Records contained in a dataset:

- - - -

(* Let $f=p/q$ be a rational function with $p,q$ of degree $l$, positive on the standard simplex $\Delta$, with $b_\alpha(q,j,\Delta)>0$ for all $|\alpha|=j$, $j\ge l$. Then there exists $k\ge l$ such that $\min_{|\alpha|=k} b_\alpha(f,k,\Delta)>0$.
   Context: $\Delta$ is the standard simplex in $\mathbb{R}^n$ with barycentric coordinates $\lambda=(1-\sum x_i,x_1,\dots,x_n)$; $B^{(k)}_\alpha=\frac{k!}{\alpha_0!\cdots\alpha_n!}\lambda^\alpha$ ($\alpha\in\mathbb{N}^{n+1}$, $|\alpha|=k$) are the Bernstein polynomials of degree $k$; $b_\alpha(p,k,\Delta)$ denote the coefficients of $p$ in this basis and $b_\alpha(f,k,\Delta)=b_\alpha(p,k,\Delta)/b_\alpha(q,k,\Delta)$ are the rational Bernstein coefficients. *)

theory Defs
  imports Complex_Main
begin

text \<open>Points of R^n are encoded as functions x :: nat => real, the coordinates
  being x 1, ..., x n (other values are ignored).  Multi-indices alpha for the
  Bernstein basis are functions nat => nat supported on {0..n}.\<close>

definition monomial_exps :: "nat \<Rightarrow> nat \<Rightarrow> (nat \<Rightarrow> nat) set" where
  "monomial_exps n l = {\<beta>. (\<forall>i. i \<notin> {1..n} \<longrightarrow> \<beta> i = 0) \<and> (\<Sum>i=1..n. \<beta> i) \<le> l}"

definition poly_deg_le :: "nat \<Rightarrow> nat \<Rightarrow> ((nat \<Rightarrow> real) \<Rightarrow> real) \<Rightarrow> bool" where
  "poly_deg_le n l p \<longleftrightarrow>
     (\<exists>c :: (nat \<Rightarrow> nat) \<Rightarrow> real. \<forall>x. p x = (\<Sum>\<beta>\<in>monomial_exps n l. c \<beta> * (\<Prod>i=1..n. x i ^ \<beta> i)))"

definition std_simplex :: "nat \<Rightarrow> (nat \<Rightarrow> real) set" where
  "std_simplex n = {x. (\<forall>i\<in>{1..n}. 0 \<le> x i) \<and> (\<Sum>i=1..n. x i) \<le> 1}"

definition bary :: "nat \<Rightarrow> (nat \<Rightarrow> real) \<Rightarrow> nat \<Rightarrow> real" where
  "bary n x i = (if i = 0 then 1 - (\<Sum>j=1..n. x j) else x i)"

definition multi_idx :: "nat \<Rightarrow> nat \<Rightarrow> (nat \<Rightarrow> nat) set" where
  "multi_idx n k = {\<alpha>. (\<forall>i>n. \<alpha> i = 0) \<and> (\<Sum>i=0..n. \<alpha> i) = k}"

definition bernstein :: "nat \<Rightarrow> nat \<Rightarrow> (nat \<Rightarrow> nat) \<Rightarrow> (nat \<Rightarrow> real) \<Rightarrow> real" where
  "bernstein n k \<alpha> x =
     fact k / (\<Prod>i=0..n. fact (\<alpha> i)) * (\<Prod>i=0..n. bary n x i ^ \<alpha> i)"

definition bernstein_coeffs :: "nat \<Rightarrow> nat \<Rightarrow> ((nat \<Rightarrow> real) \<Rightarrow> real) \<Rightarrow> (nat \<Rightarrow> nat) \<Rightarrow> real" where
  "bernstein_coeffs n k p =
     (THE b. (\<forall>\<alpha>. \<alpha> \<notin> multi_idx n k \<longrightarrow> b \<alpha> = 0) \<and>
             (\<forall>x. p x = (\<Sum>\<alpha>\<in>multi_idx n k. b \<alpha> * bernstein n k \<alpha> x)))"

definition rat_bernstein_coeffs ::
  "nat \<Rightarrow> nat \<Rightarrow> ((nat \<Rightarrow> real) \<Rightarrow> real) \<Rightarrow> ((nat \<Rightarrow> real) \<Rightarrow> real) \<Rightarrow> (nat \<Rightarrow> nat) \<Rightarrow> real" where
  "rat_bernstein_coeffs n k p q \<alpha> = bernstein_coeffs n k p \<alpha> / bernstein_coeffs n k q \<alpha>"

end

theory Submission
  imports Defs "HOL-Analysis.Analysis"
begin

text \<open>Repeated degree elevation shows that the degree-\<open>k\<close> Bernstein coefficient at \<open>\<alpha>\<close> of
  a monomial \<open>x^\<beta>\<close> is the ratio of falling factorials \<open>\<Prod>\<^sub>i (\<alpha>\<^sub>i)\<^sub>\<beta>\<^sub>i / (k)\<^sub>|\<^sub>\<beta>\<^sub>|\<close>, which
  differs from \<open>(\<alpha>/k)^\<beta>\<close> by \<open>O(|\<beta>|\<^sup>2/k)\<close>. Hence \<open>b\<^sub>\<alpha>(p,k) = p(\<alpha>/k) + O(1/k)\<close>.
  Since \<open>q\<close> has positive Bernstein coefficients it is positive on the simplex, so \<open>p = f q\<close> is
  positive there and, by compactness, bounded below by some \<open>\<delta> > 0\<close>; therefore \<open>b\<^sub>\<alpha>(p,k) > 0\<close>
  for all large \<open>k\<close>, while \<open>b\<^sub>\<alpha>(q,k) > 0\<close> by hypothesis. Identifying these coefficients with
  \<^const>\<open>bernstein_coeffs\<close> needs the linear independence of the Bernstein basis, which reduces
  to that of monomials by homogenization.\<close>

section \<open>Bernstein expansions and degree elevation\<close>

lemma finite_multi_idx: "finite (multi_idx n k)"
proof -
  have "multi_idx n k \<subseteq> (\<lambda>f i. if i \<le> n then f i else 0) ` PiE {0..n} (\<lambda>_. {0..k})"
  proof
    fix \<alpha> assume \<alpha>: "\<alpha> \<in> multi_idx n k"
    then have "\<alpha> i \<le> k" if "i \<le> n" for i
      using member_le_sum[of i "{0..n}" \<alpha>] that by (auto simp: multi_idx_def)
    moreover have "\<alpha> = (\<lambda>i. if i \<le> n then restrict \<alpha> {0..n} i else 0)"
      using \<alpha> by (auto simp: multi_idx_def fun_eq_iff)
    ultimately show "\<alpha> \<in> (\<lambda>f i. if i \<le> n then f i else 0) ` PiE {0..n} (\<lambda>_. {0..k})"
      by (intro image_eqI[of _ _ "restrict \<alpha> {0..n}"]) auto
  qed
  then show ?thesis
    by (rule finite_subset) (auto intro!: finite_PiE)
qed

lemma multi_idx_le:
  assumes "\<alpha> \<in> multi_idx n k"
  shows "\<alpha> i \<le> k"
  using assms member_le_sum[of i "{0..n}" \<alpha>] by (cases "i \<le> n") (auto simp: multi_idx_def)

lemma multi_idx_nonempty: "multi_idx n k \<noteq> {}"
proof -
  have "(\<lambda>i. if i = 0 then k else 0) \<in> multi_idx n k"
    by (simp add: multi_idx_def sum.delta)
  then show ?thesis by blast
qed

lemma sum_bary: "(\<Sum>i=0..n. bary n x i) = 1"
proof -
  have "(\<Sum>i=0..n. bary n x i) = bary n x 0 + (\<Sum>i=1..n. bary n x i)"
    by (simp add: sum.atLeast_Suc_atMost)
  also have "(\<Sum>i=1..n. bary n x i) = (\<Sum>i=1..n. x i)"
    by (rule sum.cong) (auto simp: bary_def)
  finally show ?thesis by (simp add: bary_def)
qed

lemma prod_fun_upd_remove:
  assumes "finite A" "i \<in> A"
  shows "(\<Prod>j\<in>A. g j ((\<alpha>(i := v)) j)) = g i v * (\<Prod>j\<in>A - {i}. g j (\<alpha> j))"
proof -
  have "(\<Prod>j\<in>A. g j ((\<alpha>(i := v)) j)) = g i v * (\<Prod>j\<in>A - {i}. g j ((\<alpha>(i := v)) j))"
    using prod.remove[OF assms, of "\<lambda>j. g j ((\<alpha>(i := v)) j)"] by (simp only: fun_upd_same)
  also have "(\<Prod>j\<in>A - {i}. g j ((\<alpha>(i := v)) j)) = (\<Prod>j\<in>A - {i}. g j (\<alpha> j))"
    by (rule prod.cong) auto
  finally show ?thesis .
qed

lemma bernstein_times_bary:
  assumes "i \<le> n"
  shows "bernstein n k \<alpha> x * bary n x i =
    (real (\<alpha> i) + 1) / (real k + 1) * bernstein n (Suc k) (\<alpha>(i := Suc (\<alpha> i))) x"
proof -
  have i: "i \<in> {0..n}" using assms by simp
  define F where "F = (\<Prod>j\<in>{0..n} - {i}. fact (\<alpha> j) :: real)"
  define P where "P = (\<Prod>j\<in>{0..n} - {i}. bary n x j ^ \<alpha> j)"
  have "(\<Prod>j=0..n. fact (\<alpha> j) :: real) = fact (\<alpha> i) * F"
    and "(\<Prod>j=0..n. bary n x j ^ \<alpha> j) = bary n x i ^ \<alpha> i * P"
    using prod.remove[OF _ i] unfolding F_def P_def by auto
  moreover have "(\<Prod>j=0..n. fact ((\<alpha>(i := Suc (\<alpha> i))) j) :: real) = fact (Suc (\<alpha> i)) * F"
    and "(\<Prod>j=0..n. bary n x j ^ (\<alpha>(i := Suc (\<alpha> i))) j) = bary n x i ^ Suc (\<alpha> i) * P"
    using prod_fun_upd_remove[OF _ i, of "\<lambda>j v. fact v :: real"]
      prod_fun_upd_remove[OF _ i, of "\<lambda>j v. bary n x j ^ v"]
    unfolding F_def P_def by auto
  moreover have "F \<noteq> 0" by (simp add: F_def)
  moreover have "real k + 1 \<noteq> 0" "real (\<alpha> i) + 1 \<noteq> 0" by linarith+
  ultimately show ?thesis
    unfolding bernstein_def by (simp add: divide_simps ac_simps)
qed

lemma sum_fun_upd_remove:
  assumes "finite A" "i \<in> A"
  shows "(\<Sum>j\<in>A. (\<alpha>(i := v)) j) = v + (\<Sum>j\<in>A - {i}. \<alpha> j)"
proof -
  have "(\<Sum>j\<in>A. (\<alpha>(i := v)) j) = v + (\<Sum>j\<in>A - {i}. (\<alpha>(i := v)) j)"
    using sum.remove[OF assms, of "\<alpha>(i := v)"] by simp
  also have "(\<Sum>j\<in>A - {i}. (\<alpha>(i := v)) j) = (\<Sum>j\<in>A - {i}. \<alpha> j)"
    by (rule sum.cong) auto
  finally show ?thesis .
qed

lemma multi_idx_incr:
  assumes "\<alpha> \<in> multi_idx n k" "i \<le> n"
  shows "\<alpha>(i := Suc (\<alpha> i)) \<in> multi_idx n (Suc k)"
  using assms sum_fun_upd_remove[of "{0..n}" i \<alpha> "Suc (\<alpha> i)"] sum.remove[of "{0..n}" i \<alpha>]
  by (auto simp: multi_idx_def)

lemma multi_idx_decr:
  assumes "\<gamma> \<in> multi_idx n (Suc k)" "i \<le> n" "0 < \<gamma> i"
  shows "\<gamma>(i := \<gamma> i - 1) \<in> multi_idx n k"
  using assms sum_fun_upd_remove[of "{0..n}" i \<gamma> "\<gamma> i - 1"] sum.remove[of "{0..n}" i \<gamma>]
  by (auto simp: multi_idx_def)

lemma sum_multi_idx_incr:
  assumes "i \<le> n"
  shows "(\<Sum>\<alpha>\<in>multi_idx n k. h (\<alpha>(i := Suc (\<alpha> i)))) = (\<Sum>\<gamma>\<in>{\<gamma>\<in>multi_idx n (Suc k). 0 < \<gamma> i}. h \<gamma>)"
  by (rule sum.reindex_bij_witness[where i = "\<lambda>\<gamma>. \<gamma>(i := \<gamma> i - 1)" and j = "\<lambda>\<alpha>. \<alpha>(i := Suc (\<alpha> i))"])
    (auto simp: assms multi_idx_incr multi_idx_decr[simplified])

definition has_bernstein_coeffs ::
  "nat \<Rightarrow> nat \<Rightarrow> ((nat \<Rightarrow> nat) \<Rightarrow> real) \<Rightarrow> ((nat \<Rightarrow> real) \<Rightarrow> real) \<Rightarrow> bool" where
  "has_bernstein_coeffs n k b F \<longleftrightarrow> (\<forall>x. F x = (\<Sum>\<alpha>\<in>multi_idx n k. b \<alpha> * bernstein n k \<alpha> x))"

lemma has_bernstein_coeffs_cong:
  "has_bernstein_coeffs n k b F \<Longrightarrow> (\<And>\<alpha>. \<alpha> \<in> multi_idx n k \<Longrightarrow> b \<alpha> = b' \<alpha>) \<Longrightarrow>
    has_bernstein_coeffs n k b' F"
  unfolding has_bernstein_coeffs_def by (metis (no_types, lifting) sum.cong)

text \<open>For \<open>\<alpha> i = 0\<close> the index \<open>\<alpha> i - 1\<close> is truncated to \<open>0\<close>,
  but that summand carries the factor \<open>\<alpha> i = 0\<close>.\<close>
definition elevate_coeffs :: "nat \<Rightarrow> nat \<Rightarrow> ((nat \<Rightarrow> nat) \<Rightarrow> real) \<Rightarrow> (nat \<Rightarrow> nat) \<Rightarrow> real" where
  "elevate_coeffs n k b \<alpha> = (\<Sum>i=0..n. real (\<alpha> i) / (real k + 1) * b (\<alpha>(i := \<alpha> i - 1)))"

lemma has_bernstein_coeffs_elevate:
  assumes "has_bernstein_coeffs n k b F"
  shows "has_bernstein_coeffs n (Suc k) (elevate_coeffs n k b) F"
  unfolding has_bernstein_coeffs_def
proof
  fix x
  define B where "B \<gamma> = bernstein n (Suc k) \<gamma> x" for \<gamma>
  define T where "T i \<gamma> = real (\<gamma> i) / (real k + 1) * b (\<gamma>(i := \<gamma> i - 1)) * B \<gamma>" for i \<gamma>
  have "F x = (\<Sum>\<alpha>\<in>multi_idx n k. b \<alpha> * bernstein n k \<alpha> x) * (\<Sum>i=0..n. bary n x i)"
    using assms by (simp add: has_bernstein_coeffs_def sum_bary)
  also have "\<dots> = (\<Sum>i=0..n. \<Sum>\<alpha>\<in>multi_idx n k. b \<alpha> * (bernstein n k \<alpha> x * bary n x i))"
    unfolding sum_distrib_left sum_distrib_right mult.assoc by simp
  also have "\<dots> = (\<Sum>i=0..n. \<Sum>\<alpha>\<in>multi_idx n k. T i (\<alpha>(i := Suc (\<alpha> i))))"
    by (intro sum.cong refl) (simp add: bernstein_times_bary T_def B_def)
  also have "\<dots> = (\<Sum>i=0..n. \<Sum>\<gamma>\<in>{\<gamma>\<in>multi_idx n (Suc k). 0 < \<gamma> i}. T i \<gamma>)"
    by (intro sum.cong refl sum_multi_idx_incr) simp
  also have "\<dots> = (\<Sum>i=0..n. \<Sum>\<gamma>\<in>multi_idx n (Suc k). T i \<gamma>)"
    by (intro sum.cong refl sum.mono_neutral_left) (auto simp: finite_multi_idx T_def)
  also have "\<dots> = (\<Sum>\<gamma>\<in>multi_idx n (Suc k). elevate_coeffs n k b \<gamma> * B \<gamma>)"
    unfolding elevate_coeffs_def sum_distrib_right T_def by (rule sum.swap)
  finally show "F x = (\<Sum>\<gamma>\<in>multi_idx n (Suc k). elevate_coeffs n k b \<gamma> * bernstein n (Suc k) \<gamma> x)"
    by (simp add: B_def)
qed

section \<open>Bernstein coefficients of monomials\<close>

definition falling_fact :: "nat \<Rightarrow> nat \<Rightarrow> real" where
  "falling_fact a g = (\<Prod>s<g. real a - real s)"

lemma falling_fact_0 [simp]: "falling_fact a 0 = 1"
  by (simp add: falling_fact_def)

lemma falling_fact_Suc: "falling_fact a (Suc g) = falling_fact a g * (real a - real g)"
  by (simp add: falling_fact_def)

lemma falling_fact_Suc': "falling_fact a (Suc g) = real a * falling_fact (a - 1) g"
proof (cases a)
  case 0
  then show ?thesis by (auto simp: falling_fact_def prod.lessThan_Suc_shift)
next
  case (Suc a')
  have "falling_fact a (Suc g) = real a * (\<Prod>s<g. real a - real (Suc s))"
    unfolding falling_fact_def by (subst prod.lessThan_Suc_shift) simp
  also have "(\<Prod>s<g. real a - real (Suc s)) = falling_fact (a - 1) g"
    unfolding falling_fact_def Suc by (auto intro: prod.cong)
  finally show ?thesis .
qed

lemma falling_fact_eq_0: "a < g \<Longrightarrow> falling_fact a g = 0"
  unfolding falling_fact_def by (intro prod_zero) (auto intro!: bexI[of _ a])

lemma falling_fact_self: "falling_fact a a = fact a"
  by (induction a) (simp_all add: falling_fact_Suc')

definition monomial_bernstein_coeff :: "nat \<Rightarrow> (nat \<Rightarrow> nat) \<Rightarrow> nat \<Rightarrow> (nat \<Rightarrow> nat) \<Rightarrow> real" where
  "monomial_bernstein_coeff n \<beta> k \<alpha> =
     (\<Prod>i=0..n. falling_fact (\<alpha> i) (\<beta> i)) / falling_fact k (\<Sum>i=0..n. \<beta> i)"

- - - -

— PROBLEM —
Taking the entries above, write out exactly the lines starting with the line containing "by (simp add: multi_idx_def sum.delta)" and going on through the line containing "using prod.remove[OF _", both included, and nothing else.

— TASK RESPONSE —
    by (simp add: multi_idx_def sum.delta)
  then show ?thesis by blast
qed

lemma sum_bary: "(\<Sum>i=0..n. bary n x i) = 1"
proof -
  have "(\<Sum>i=0..n. bary n x i) = bary n x 0 + (\<Sum>i=1..n. bary n x i)"
    by (simp add: sum.atLeast_Suc_atMost)
  also have "(\<Sum>i=1..n. bary n x i) = (\<Sum>i=1..n. x i)"
    by (rule sum.cong) (auto simp: bary_def)
  finally show ?thesis by (simp add: bary_def)
qed

lemma prod_fun_upd_remove:
  assumes "finite A" "i \<in> A"
  shows "(\<Prod>j\<in>A. g j ((\<alpha>(i := v)) j)) = g i v * (\<Prod>j\<in>A - {i}. g j (\<alpha> j))"
proof -
  have "(\<Prod>j\<in>A. g j ((\<alpha>(i := v)) j)) = g i v * (\<Prod>j\<in>A - {i}. g j ((\<alpha>(i := v)) j))"
    using prod.remove[OF assms, of "\<lambda>j. g j ((\<alpha>(i := v)) j)"] by (simp only: fun_upd_same)
  also have "(\<Prod>j\<in>A - {i}. g j ((\<alpha>(i := v)) j)) = (\<Prod>j\<in>A - {i}. g j (\<alpha> j))"
    by (rule prod.cong) auto
  finally show ?thesis .
qed

lemma bernstein_times_bary:
  assumes "i \<le> n"
  shows "bernstein n k \<alpha> x * bary n x i =
    (real (\<alpha> i) + 1) / (real k + 1) * bernstein n (Suc k) (\<alpha>(i := Suc (\<alpha> i))) x"
proof -
  have i: "i \<in> {0..n}" using assms by simp
  define F where "F = (\<Prod>j\<in>{0..n} - {i}. fact (\<alpha> j) :: real)"
  define P where "P = (\<Prod>j\<in>{0..n} - {i}. bary n x j ^ \<alpha> j)"
  have "(\<Prod>j=0..n. fact (\<alpha> j) :: real) = fact (\<alpha> i) * F"
    and "(\<Prod>j=0..n. bary n x j ^ \<alpha> j) = bary n x i ^ \<alpha> i * P"
    using prod.remove[OF _ i] unfolding F_def P_def by auto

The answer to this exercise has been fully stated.